Give back exactly the lines of the data below, starting with the line that has "using assms summable_exp_generic[of y]" and going on through the line that has "N) \<le> exp".

==== Record set

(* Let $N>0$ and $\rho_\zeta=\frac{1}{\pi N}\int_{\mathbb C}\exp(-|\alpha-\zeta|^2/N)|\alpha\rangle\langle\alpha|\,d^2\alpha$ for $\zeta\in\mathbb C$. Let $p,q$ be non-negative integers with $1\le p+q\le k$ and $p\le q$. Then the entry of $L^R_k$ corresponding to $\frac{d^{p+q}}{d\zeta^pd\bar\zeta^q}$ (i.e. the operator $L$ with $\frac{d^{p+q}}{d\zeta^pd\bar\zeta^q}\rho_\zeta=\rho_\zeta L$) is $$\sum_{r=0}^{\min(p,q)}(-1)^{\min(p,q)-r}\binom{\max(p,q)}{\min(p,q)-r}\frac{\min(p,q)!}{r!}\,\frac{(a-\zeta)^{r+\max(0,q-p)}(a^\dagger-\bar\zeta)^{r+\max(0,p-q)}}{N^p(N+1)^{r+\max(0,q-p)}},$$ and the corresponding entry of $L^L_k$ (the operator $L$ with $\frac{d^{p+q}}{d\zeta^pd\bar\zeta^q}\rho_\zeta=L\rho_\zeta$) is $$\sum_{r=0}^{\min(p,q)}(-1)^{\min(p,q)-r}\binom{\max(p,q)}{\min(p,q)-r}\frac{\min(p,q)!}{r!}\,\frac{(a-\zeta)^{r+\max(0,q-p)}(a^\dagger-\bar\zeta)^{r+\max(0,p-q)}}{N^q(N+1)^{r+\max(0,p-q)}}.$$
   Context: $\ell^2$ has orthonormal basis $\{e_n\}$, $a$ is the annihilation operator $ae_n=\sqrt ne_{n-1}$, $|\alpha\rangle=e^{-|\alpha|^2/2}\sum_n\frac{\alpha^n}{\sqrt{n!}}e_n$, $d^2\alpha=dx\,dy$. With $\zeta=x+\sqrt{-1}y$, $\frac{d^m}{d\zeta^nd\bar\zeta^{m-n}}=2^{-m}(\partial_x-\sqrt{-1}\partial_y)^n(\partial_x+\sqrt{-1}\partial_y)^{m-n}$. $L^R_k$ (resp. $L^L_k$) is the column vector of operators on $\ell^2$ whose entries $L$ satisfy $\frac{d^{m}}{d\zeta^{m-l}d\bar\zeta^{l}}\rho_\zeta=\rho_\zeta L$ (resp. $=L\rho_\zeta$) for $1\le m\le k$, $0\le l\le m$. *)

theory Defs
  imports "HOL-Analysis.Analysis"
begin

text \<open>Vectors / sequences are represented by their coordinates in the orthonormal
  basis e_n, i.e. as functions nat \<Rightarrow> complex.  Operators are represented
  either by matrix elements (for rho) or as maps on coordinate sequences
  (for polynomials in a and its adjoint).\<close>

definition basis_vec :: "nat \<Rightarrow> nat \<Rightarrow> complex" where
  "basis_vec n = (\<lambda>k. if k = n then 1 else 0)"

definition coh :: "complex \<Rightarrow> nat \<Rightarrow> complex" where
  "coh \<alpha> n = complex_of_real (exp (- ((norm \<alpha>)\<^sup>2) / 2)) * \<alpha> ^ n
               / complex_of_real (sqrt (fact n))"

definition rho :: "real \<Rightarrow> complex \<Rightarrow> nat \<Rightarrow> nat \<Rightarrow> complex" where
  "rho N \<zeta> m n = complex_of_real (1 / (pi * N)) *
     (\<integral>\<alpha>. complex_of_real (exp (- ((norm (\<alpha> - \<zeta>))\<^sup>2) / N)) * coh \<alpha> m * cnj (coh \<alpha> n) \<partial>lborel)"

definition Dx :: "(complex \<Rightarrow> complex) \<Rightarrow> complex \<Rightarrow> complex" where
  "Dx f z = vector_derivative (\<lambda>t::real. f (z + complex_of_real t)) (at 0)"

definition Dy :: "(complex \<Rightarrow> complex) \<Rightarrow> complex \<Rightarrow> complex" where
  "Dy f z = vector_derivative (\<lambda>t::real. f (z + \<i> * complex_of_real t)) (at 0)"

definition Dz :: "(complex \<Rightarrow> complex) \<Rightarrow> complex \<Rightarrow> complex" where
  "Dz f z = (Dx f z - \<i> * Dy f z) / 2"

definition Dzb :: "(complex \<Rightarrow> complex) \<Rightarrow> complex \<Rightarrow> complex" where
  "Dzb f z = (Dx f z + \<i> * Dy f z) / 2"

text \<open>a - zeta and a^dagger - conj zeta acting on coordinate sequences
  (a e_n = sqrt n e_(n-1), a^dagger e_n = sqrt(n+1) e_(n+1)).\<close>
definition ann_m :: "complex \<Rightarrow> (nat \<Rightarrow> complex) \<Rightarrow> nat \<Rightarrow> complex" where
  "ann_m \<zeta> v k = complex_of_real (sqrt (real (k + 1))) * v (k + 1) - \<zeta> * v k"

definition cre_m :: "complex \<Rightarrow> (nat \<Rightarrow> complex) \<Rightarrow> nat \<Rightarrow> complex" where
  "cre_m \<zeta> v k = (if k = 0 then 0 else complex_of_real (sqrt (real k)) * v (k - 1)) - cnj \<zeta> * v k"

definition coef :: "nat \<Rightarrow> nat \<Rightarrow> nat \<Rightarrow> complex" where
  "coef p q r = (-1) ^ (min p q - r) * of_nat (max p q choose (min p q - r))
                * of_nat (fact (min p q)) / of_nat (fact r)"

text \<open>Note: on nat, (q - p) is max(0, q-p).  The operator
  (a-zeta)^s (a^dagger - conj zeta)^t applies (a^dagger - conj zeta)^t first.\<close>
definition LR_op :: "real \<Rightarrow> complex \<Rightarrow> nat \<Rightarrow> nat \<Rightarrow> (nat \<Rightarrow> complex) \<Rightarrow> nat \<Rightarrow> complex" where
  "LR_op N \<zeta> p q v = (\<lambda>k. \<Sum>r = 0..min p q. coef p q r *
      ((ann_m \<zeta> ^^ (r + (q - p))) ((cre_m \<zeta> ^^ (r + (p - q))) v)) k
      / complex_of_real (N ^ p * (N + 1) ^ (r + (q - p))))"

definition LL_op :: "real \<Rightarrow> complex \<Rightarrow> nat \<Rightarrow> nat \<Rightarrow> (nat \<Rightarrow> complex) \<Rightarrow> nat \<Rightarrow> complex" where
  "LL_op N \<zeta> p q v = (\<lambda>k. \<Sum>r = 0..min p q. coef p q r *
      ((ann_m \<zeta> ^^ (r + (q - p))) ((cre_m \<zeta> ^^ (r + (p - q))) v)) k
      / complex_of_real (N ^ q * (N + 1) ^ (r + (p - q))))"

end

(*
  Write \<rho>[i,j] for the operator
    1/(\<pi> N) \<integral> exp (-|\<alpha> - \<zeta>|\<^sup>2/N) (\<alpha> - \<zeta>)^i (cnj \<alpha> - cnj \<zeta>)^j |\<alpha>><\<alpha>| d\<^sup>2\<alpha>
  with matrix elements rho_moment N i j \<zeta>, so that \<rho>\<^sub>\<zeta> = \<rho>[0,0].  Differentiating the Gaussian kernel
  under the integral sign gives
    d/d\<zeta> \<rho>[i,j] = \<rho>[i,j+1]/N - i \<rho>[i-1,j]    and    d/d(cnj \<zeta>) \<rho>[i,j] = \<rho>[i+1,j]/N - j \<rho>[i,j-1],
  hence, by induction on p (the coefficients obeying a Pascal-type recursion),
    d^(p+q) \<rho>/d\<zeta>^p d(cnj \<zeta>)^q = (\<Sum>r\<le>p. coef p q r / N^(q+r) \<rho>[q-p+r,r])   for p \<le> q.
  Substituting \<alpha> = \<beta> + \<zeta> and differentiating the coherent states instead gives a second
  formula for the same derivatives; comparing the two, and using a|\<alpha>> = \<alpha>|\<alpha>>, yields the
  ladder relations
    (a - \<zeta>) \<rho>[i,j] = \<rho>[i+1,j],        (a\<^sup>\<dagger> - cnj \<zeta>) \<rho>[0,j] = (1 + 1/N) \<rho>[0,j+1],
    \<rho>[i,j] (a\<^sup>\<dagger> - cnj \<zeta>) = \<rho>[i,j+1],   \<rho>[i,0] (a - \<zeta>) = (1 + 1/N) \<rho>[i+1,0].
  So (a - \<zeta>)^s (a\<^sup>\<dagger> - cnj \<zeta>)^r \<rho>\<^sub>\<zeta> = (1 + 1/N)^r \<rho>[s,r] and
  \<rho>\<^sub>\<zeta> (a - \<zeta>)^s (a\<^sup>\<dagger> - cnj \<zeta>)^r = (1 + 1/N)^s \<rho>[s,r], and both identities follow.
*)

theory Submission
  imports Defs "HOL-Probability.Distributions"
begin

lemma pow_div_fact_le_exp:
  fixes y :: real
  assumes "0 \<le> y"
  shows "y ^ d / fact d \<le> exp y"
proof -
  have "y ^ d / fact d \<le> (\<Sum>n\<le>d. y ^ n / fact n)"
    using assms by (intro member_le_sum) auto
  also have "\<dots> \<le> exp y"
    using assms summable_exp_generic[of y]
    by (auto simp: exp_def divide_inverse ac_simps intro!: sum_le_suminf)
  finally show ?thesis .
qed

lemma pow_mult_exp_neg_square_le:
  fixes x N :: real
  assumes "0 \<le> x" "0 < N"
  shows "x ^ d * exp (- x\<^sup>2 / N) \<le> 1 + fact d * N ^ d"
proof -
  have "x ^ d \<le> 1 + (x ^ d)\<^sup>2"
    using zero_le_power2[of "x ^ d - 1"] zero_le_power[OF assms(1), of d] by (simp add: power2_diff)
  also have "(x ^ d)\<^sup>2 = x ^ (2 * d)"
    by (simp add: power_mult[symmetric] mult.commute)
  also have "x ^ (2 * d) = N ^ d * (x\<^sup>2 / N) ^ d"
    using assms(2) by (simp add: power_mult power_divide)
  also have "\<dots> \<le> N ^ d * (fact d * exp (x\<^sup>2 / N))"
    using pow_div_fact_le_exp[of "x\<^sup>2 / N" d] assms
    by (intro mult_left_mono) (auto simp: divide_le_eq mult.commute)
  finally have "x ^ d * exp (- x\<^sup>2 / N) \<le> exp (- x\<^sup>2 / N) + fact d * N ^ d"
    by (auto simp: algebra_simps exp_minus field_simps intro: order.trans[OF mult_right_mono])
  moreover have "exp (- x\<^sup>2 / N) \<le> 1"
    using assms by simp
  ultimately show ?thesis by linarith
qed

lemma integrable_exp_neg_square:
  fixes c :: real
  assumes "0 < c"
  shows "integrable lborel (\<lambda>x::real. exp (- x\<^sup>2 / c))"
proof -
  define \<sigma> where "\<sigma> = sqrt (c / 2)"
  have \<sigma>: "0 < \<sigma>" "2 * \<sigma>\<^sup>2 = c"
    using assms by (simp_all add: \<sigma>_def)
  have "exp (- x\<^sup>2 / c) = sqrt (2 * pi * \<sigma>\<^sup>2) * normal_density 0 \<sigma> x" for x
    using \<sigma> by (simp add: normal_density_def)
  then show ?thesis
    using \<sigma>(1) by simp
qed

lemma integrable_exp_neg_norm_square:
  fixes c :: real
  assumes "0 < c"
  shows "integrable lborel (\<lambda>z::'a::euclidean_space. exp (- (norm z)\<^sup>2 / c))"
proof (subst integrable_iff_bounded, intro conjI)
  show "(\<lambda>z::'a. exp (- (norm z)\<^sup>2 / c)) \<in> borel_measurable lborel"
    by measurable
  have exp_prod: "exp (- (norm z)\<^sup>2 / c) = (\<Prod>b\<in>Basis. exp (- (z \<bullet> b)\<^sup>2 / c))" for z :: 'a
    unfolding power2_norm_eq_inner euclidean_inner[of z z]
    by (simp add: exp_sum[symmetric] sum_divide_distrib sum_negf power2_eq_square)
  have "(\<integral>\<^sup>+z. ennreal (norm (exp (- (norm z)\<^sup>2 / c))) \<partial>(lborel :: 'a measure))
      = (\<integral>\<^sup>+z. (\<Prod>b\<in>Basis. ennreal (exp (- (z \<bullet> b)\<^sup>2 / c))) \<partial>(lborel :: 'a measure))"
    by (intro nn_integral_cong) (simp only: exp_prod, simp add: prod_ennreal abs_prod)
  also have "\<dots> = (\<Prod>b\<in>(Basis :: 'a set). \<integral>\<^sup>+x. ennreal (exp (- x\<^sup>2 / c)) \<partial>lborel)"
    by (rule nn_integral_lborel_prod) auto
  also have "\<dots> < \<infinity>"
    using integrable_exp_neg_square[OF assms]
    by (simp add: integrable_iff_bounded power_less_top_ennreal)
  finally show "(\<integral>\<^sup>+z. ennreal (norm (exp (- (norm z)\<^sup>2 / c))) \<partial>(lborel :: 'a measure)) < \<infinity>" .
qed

========
==== Record set

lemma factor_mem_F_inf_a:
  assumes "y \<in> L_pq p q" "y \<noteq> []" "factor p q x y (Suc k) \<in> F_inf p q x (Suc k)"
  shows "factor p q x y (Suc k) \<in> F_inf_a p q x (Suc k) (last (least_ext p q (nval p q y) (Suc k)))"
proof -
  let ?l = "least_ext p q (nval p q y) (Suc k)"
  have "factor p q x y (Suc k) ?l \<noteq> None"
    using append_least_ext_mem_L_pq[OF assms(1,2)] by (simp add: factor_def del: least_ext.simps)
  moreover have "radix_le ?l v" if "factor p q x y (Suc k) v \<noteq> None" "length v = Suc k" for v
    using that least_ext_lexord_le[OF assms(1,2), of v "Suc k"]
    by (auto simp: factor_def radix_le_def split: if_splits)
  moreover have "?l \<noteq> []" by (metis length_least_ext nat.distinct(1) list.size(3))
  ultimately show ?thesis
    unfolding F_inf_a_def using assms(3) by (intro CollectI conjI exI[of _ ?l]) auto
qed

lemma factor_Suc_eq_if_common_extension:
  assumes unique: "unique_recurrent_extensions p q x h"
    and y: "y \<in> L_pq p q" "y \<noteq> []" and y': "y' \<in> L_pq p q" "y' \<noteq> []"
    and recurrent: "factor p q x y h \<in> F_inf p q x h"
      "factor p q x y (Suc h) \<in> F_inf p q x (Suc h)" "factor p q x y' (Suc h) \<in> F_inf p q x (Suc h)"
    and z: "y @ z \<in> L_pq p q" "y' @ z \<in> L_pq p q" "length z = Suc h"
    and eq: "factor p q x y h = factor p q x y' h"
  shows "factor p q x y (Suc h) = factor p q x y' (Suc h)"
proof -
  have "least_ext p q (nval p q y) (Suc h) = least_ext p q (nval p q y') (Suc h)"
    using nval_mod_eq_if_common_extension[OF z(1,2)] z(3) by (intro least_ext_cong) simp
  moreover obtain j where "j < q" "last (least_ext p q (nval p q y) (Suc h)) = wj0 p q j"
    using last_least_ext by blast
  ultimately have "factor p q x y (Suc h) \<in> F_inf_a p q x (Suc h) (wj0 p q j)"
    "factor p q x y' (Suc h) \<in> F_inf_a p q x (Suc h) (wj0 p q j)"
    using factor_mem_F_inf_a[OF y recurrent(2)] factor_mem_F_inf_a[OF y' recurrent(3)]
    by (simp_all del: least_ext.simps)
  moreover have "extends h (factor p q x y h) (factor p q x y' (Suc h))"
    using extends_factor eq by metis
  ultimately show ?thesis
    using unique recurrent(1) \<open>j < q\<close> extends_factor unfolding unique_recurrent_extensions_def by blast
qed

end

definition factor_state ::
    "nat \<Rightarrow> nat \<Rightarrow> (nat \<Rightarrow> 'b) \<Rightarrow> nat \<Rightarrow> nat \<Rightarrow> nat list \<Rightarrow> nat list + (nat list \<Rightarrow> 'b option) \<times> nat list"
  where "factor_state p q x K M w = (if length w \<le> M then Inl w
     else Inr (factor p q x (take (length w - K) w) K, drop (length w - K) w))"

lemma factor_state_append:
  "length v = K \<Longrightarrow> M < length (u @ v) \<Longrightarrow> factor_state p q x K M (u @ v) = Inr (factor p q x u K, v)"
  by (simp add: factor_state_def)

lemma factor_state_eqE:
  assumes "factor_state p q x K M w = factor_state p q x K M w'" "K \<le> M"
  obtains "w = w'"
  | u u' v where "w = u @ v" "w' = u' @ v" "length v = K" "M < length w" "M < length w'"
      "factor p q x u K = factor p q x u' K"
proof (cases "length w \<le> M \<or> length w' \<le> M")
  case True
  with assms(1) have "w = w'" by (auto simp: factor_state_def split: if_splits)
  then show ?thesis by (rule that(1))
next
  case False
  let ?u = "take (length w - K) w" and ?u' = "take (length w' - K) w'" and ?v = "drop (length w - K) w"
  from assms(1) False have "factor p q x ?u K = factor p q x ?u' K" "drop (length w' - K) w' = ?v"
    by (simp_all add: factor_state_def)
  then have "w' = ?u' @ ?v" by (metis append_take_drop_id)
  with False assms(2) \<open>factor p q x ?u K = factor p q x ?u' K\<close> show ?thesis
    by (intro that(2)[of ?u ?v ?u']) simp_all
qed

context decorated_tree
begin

========
==== Record set

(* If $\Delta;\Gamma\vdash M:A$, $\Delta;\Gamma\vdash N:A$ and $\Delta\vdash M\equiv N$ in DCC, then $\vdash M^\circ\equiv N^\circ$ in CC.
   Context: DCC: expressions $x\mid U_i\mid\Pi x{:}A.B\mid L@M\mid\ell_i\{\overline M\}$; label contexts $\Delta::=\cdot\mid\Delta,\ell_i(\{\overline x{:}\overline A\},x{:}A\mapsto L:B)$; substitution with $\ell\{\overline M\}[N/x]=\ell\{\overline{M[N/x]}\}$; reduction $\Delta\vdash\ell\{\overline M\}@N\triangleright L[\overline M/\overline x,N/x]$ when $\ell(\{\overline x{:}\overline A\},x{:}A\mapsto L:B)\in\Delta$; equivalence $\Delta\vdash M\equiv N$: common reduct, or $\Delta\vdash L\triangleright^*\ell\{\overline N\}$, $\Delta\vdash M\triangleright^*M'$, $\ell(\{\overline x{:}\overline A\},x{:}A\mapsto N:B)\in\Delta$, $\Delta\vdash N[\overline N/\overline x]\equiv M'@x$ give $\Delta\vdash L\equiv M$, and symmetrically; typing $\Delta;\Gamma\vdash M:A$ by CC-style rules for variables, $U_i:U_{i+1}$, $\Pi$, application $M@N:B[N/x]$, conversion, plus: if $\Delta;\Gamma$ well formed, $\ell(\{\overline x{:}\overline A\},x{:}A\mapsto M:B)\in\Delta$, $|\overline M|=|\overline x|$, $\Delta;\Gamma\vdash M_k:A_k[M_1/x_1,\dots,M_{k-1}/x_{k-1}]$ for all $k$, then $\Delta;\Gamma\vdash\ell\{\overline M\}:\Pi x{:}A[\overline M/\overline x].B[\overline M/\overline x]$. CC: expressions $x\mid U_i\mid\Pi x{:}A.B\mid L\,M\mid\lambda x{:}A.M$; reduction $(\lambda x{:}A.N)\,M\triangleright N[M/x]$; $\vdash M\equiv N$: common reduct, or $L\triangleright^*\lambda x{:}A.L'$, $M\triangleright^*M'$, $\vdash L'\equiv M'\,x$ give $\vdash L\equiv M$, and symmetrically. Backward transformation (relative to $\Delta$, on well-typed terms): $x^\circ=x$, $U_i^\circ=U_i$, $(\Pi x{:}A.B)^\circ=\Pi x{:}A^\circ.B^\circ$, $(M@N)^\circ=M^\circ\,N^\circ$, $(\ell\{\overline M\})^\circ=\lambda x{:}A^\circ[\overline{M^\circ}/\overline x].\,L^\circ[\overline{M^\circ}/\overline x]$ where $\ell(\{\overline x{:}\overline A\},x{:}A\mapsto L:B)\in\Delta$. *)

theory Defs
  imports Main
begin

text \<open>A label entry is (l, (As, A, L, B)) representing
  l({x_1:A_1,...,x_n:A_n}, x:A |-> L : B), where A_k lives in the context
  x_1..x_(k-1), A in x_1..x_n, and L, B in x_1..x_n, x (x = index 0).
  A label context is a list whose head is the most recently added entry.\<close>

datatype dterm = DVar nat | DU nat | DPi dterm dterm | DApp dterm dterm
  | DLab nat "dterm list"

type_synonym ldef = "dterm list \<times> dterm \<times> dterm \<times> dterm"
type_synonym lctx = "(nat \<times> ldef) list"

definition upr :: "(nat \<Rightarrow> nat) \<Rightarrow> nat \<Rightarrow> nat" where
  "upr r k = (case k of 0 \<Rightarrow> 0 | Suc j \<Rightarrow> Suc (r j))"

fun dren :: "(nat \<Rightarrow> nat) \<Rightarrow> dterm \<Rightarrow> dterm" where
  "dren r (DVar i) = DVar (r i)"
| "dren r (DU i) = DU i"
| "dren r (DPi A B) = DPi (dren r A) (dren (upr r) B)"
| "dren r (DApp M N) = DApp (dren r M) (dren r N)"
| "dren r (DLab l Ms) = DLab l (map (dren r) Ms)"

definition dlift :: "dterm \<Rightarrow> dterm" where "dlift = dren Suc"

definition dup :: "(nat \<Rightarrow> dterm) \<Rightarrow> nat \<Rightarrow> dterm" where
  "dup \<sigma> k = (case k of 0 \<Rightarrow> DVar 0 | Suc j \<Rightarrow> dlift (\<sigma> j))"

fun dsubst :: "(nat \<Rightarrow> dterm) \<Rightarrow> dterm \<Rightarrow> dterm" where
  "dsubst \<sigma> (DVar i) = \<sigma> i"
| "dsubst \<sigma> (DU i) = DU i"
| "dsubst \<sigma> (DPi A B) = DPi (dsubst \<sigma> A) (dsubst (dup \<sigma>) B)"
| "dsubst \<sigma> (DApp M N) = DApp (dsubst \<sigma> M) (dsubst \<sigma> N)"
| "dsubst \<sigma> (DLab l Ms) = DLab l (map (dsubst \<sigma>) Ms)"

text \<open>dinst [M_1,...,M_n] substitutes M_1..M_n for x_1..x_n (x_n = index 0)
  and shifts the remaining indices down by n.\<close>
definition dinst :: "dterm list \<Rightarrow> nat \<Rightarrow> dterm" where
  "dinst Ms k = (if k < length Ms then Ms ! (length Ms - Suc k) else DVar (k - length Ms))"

========

Answer for the task ->
    using assms summable_exp_generic[of y]
    by (auto simp: exp_def divide_inverse ac_simps intro!: sum_le_suminf)
  finally show ?thesis .
qed

lemma pow_mult_exp_neg_square_le:
  fixes x N :: real
  assumes "0 \<le> x" "0 < N"
  shows "x ^ d * exp (- x\<^sup>2 / N) \<le> 1 + fact d * N ^ d"
proof -
  have "x ^ d \<le> 1 + (x ^ d)\<^sup>2"
    using zero_le_power2[of "x ^ d - 1"] zero_le_power[OF assms(1), of d] by (simp add: power2_diff)
  also have "(x ^ d)\<^sup>2 = x ^ (2 * d)"
    by (simp add: power_mult[symmetric] mult.commute)
  also have "x ^ (2 * d) = N ^ d * (x\<^sup>2 / N) ^ d"
    using assms(2) by (simp add: power_mult power_divide)
  also have "\<dots> \<le> N ^ d * (fact d * exp (x\<^sup>2 / N))"
    using pow_div_fact_le_exp[of "x\<^sup>2 / N" d] assms
    by (intro mult_left_mono) (auto simp: divide_le_eq mult.commute)
  finally have "x ^ d * exp (- x\<^sup>2 / N) \<le> exp (- x\<^sup>2 / N) + fact d * N ^ d"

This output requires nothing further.